BEGIN

text \<open>By Parseval, \<open>\<integral>\<^sub>0\<^sup>2\<^sup>\<pi> \<parallel>(uamoW k - z) F\<^sub>k\<rho>\<parallel>\<^sup>2 dk < \<epsilon>\<^sup>2 \<integral>\<^sub>0\<^sup>2\<^sup>\<pi> \<parallel>F\<^sub>k\<rho>\<parallel>\<^sup>2 dk\<close>
  for an approximate eigenvector \<open>\<rho>\<close> of \<open>gauged_magW\<close>, so some single phase \<open>k\<close> works.\<close>

lemma uamoW_some_phase_if_gauged:
  assumes ae: "finite_approx_eigenvalue (gauged_magW \<Phi>) z" and \<epsilon>: "\<epsilon> > 0"
  shows "\<exists>k g. finite {i. g i \<noteq> 0} \<and> (\<exists>i. g i \<noteq> 0) \<and> l2norm (minus_scalar (uamoW \<Phi> k) z g) \<le> \<epsilon> * l2norm g"
proof -
  obtain \<rho> i0 where \<rho>: "finite {i. \<rho> i \<noteq> 0}" "\<rho> i0 \<noteq> 0"
    "l2norm (minus_scalar (gauged_magW \<Phi>) z \<rho>) \<le> (\<epsilon> / 2) * l2norm \<rho>"
    using ae \<epsilon> unfolding finite_approx_eigenvalue_def by (meson half_gt_zero)
  define \<sigma> where "\<sigma> = minus_scalar (gauged_magW \<Phi>) z \<rho>"
  have \<rho>_pos: "l2norm \<rho> > 0" by (rule l2norm_pos[OF finite_support_l2[OF \<rho>(1)] \<rho>(2)])
  obtain R where R: "R \<ge> 0" "\<And>i. \<not> in_box R i \<Longrightarrow> \<rho> i = 0" using finite_support_in_box[OF \<rho>(1)] by blast
  define N where "N = R + 1"
  have \<rho>_box: "\<rho> i = 0" if "\<not> in_box N i" for i using R(2)[of i] that by (auto simp: in_box_def N_def)
  have \<rho>_rows: "\<rho> i = 0" if "\<bar>snd (fst i)\<bar> \<ge> N" for i using R(2)[of i] that by (auto simp: in_box_def N_def)
  have \<sigma>_box: "\<sigma> i = 0" if "\<not> in_box N i" for i
    using gauged_magW_outside_box[OF R(2) that[unfolded N_def]] \<rho>_box[OF that] by (simp add: \<sigma>_def minus_scalar_def)
  have "(l2norm \<sigma>)\<^sup>2 \<le> ((\<epsilon> / 2) * l2norm \<rho>)\<^sup>2"
    using \<rho>(3) by (intro power_mono) (simp_all add: \<sigma>_def l2norm_nonneg)
  also have "\<dots> < \<epsilon>\<^sup>2 * (l2norm \<rho>)\<^sup>2" using \<epsilon> \<rho>_pos by (simp add: power_mult_distrib power_divide)
  finally have less: "2 * pi * (l2norm \<sigma>)\<^sup>2 < \<epsilon>\<^sup>2 * (2 * pi * (l2norm \<rho>)\<^sup>2)" by simp
  have "((\<lambda>k. (l2norm (partial_fourier k N \<sigma>))\<^sup>2) has_integral (2 * pi * (l2norm \<sigma>)\<^sup>2)) {0..2 * pi}"
    and "((\<lambda>k. (l2norm (partial_fourier k N \<rho>))\<^sup>2) has_integral (2 * pi * (l2norm \<rho>)\<^sup>2)) {0..2 * pi}"
    by (rule parseval_partial_fourier, fact)+
  then obtain k where k: "(l2norm (partial_fourier k N \<sigma>))\<^sup>2 < \<epsilon>\<^sup>2 * (l2norm (partial_fourier k N \<rho>))\<^sup>2"
    using exists_less_of_integral_less less by blast
  define g where "g = partial_fourier k N \<rho>"
  have g_minus: "minus_scalar (uamoW \<Phi> k) z g = partial_fourier k N \<sigma>"
    unfolding g_def \<sigma>_def by (rule partial_fourier_minus_scalar[OF \<rho>_rows, symmetric])
  have "(l2norm (minus_scalar (uamoW \<Phi> k) z g))\<^sup>2 < (\<epsilon> * l2norm g)\<^sup>2"
    using k unfolding g_minus by (simp add: g_def power_mult_distrib)
  then have "l2norm (minus_scalar (uamoW \<Phi> k) z g) < \<epsilon> * l2norm g"
    by (rule power2_less_imp_less) (use \<epsilon> l2norm_nonneg[of g] in simp)
  moreover have "finite {i. g i \<noteq> 0}"
    unfolding g_def by (rule l2norm_sq_in_strip(1)) (rule partial_fourier_outside[OF \<rho>_box])
  moreover have "\<exists>i. g i \<noteq> 0"
  proof (rule ccontr)
    assume "\<not> (\<exists>i. g i \<noteq> 0)"
    then have "g = (\<lambda>i. 0)" by auto
    then show False using k by (simp add: g_def[symmetric] l2_zero)
  qed
  ultimately show ?thesis by (meson less_imp_le)
qed

theorem mainTheorem3:
  fixes \<Phi> \<theta> :: real
  assumes "0 \<le> \<Phi>" and "\<Phi> < 2 * pi"
    and "\<Phi> / (2 * pi) \<notin> \<rat>"
    and "0 \<le> \<theta>" and "\<theta> < 2 * pi"
  shows "op_spectrum (magW \<Phi>) = op_spectrum (uamoW \<Phi> \<theta>)"
proof (rule set_eqI)
  fix z :: complex
  have "z \<in> op_spectrum (magW \<Phi>) \<longleftrightarrow> finite_approx_eigenvalue (magW \<Phi>) z"
    by (rule op_spectrum_iff_finite_approx_eigenvalue[OF regular_op_magW magW_inverse])
  also have "\<dots> \<longleftrightarrow> finite_approx_eigenvalue (gauged_magW \<Phi>) z"
    by (rule finite_approx_eigenvalue_magW_iff_gauged)
  also have "\<dots> \<longleftrightarrow> finite_approx_eigenvalue (uamoW \<Phi> \<theta>) z"
    using finite_approx_eigenvalue_uamoW_of_some_phases[OF assms(3)] uamoW_some_phase_if_gauged
      finite_approx_eigenvalue_gauged_if_uamoW
    by blast
  also have "\<dots> \<longleftrightarrow> z \<in> op_spectrum (uamoW \<Phi> \<theta>)"
    by (rule op_spectrum_iff_finite_approx_eigenvalue[OF regular_op_uamoW uamoW_inverse, symmetric])
  finally show "z \<in> op_spectrum (magW \<Phi>) \<longleftrightarrow> z \<in> op_spectrum (uamoW \<Phi> \<theta>)" .
qed

end
(* Let $t<u$ be $b$-imal numbers in $[0,1]$ and let $l'\ge0$ be such that $b^{l'}t$ and $b^{l'}u$ are integers. Then for every $k\ge l'$, $\mu_k([t,u))=b(u-t)$. Moreover, for every interval $I\subset[0,1)$, $\lim_{k\to\infty}\mu_k(I)=b\,|I|$, where $|I|=\sup I-\inf I$.
   Context: Fix $b\ge2$ and $d\in\{0,\dots,b-1\}$. A $b$-imal number is an element of $\bigcup_{l\ge0}b^{-l}\mathbb Z$. A string is a finite sequence $X=(d_l,\dots,d_1)$ of digits in $\{0,\dots,b-1\}$ (leading zeros allowed), of length $|X|=l\ge0$; its value is $n(X)=\sum_{i=1}^{l}d_ib^{i-1}$ ($0$ for the empty string). For $k\ge0$, $\mu_k=\sum_{X}b^{-|X|}\delta_{n(X)/b^{|X|}}$, the sum over all strings $X$ containing $d$ exactly $k$ times (masses at the same point add); it is a measure on $[0,1)$ of total mass $b$. *)

theory Defs
  imports "HOL-Analysis.Analysis"
begin

text \<open>A string of base-b digits, most significant digit first: X = (d_l,...,d_1).\<close>
definition is_string :: "nat \<Rightarrow> nat list \<Rightarrow> bool" where
  "is_string b X \<longleftrightarrow> set X \<subseteq> {0..<b}"

text \<open>n(X) = sum_{i=1}^{l} d_i b^(i-1); the list element at position j is d_(l-j).\<close>
definition str_val :: "nat \<Rightarrow> nat list \<Rightarrow> nat" where
  "str_val b X = (\<Sum>j<length X. X ! j * b ^ (length X - 1 - j))"

definition mu :: "nat \<Rightarrow> nat \<Rightarrow> nat \<Rightarrow> real set \<Rightarrow> ennreal" where
  "mu b d k A = infsum (\<lambda>X. ennreal (1 / real b ^ length X))
      {X. is_string b X \<and> count_list X d = k \<and> real (str_val b X) / real b ^ length X \<in> A}"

END

REQUIRED WORK>
The lines needed are the ones from the first line of the entries through the line that contains "obtain \<rho> i0", given again without any change.

YOUR SOLUTION>
text \<open>By Parseval, \<open>\<integral>\<^sub>0\<^sup>2\<^sup>\<pi> \<parallel>(uamoW k - z) F\<^sub>k\<rho>\<parallel>\<^sup>2 dk < \<epsilon>\<^sup>2 \<integral>\<^sub>0\<^sup>2\<^sup>\<pi> \<parallel>F\<^sub>k\<rho>\<parallel>\<^sup>2 dk\<close>
  for an approximate eigenvector \<open>\<rho>\<close> of \<open>gauged_magW\<close>, so some single phase \<open>k\<close> works.\<close>

lemma uamoW_some_phase_if_gauged:
  assumes ae: "finite_approx_eigenvalue (gauged_magW \<Phi>) z" and \<epsilon>: "\<epsilon> > 0"
  shows "\<exists>k g. finite {i. g i \<noteq> 0} \<and> (\<exists>i. g i \<noteq> 0) \<and> l2norm (minus_scalar (uamoW \<Phi> k) z g) \<le> \<epsilon> * l2norm g"
proof -
  obtain \<rho> i0 where \<rho>: "finite {i. \<rho> i \<noteq> 0}" "\<rho> i0 \<noteq> 0"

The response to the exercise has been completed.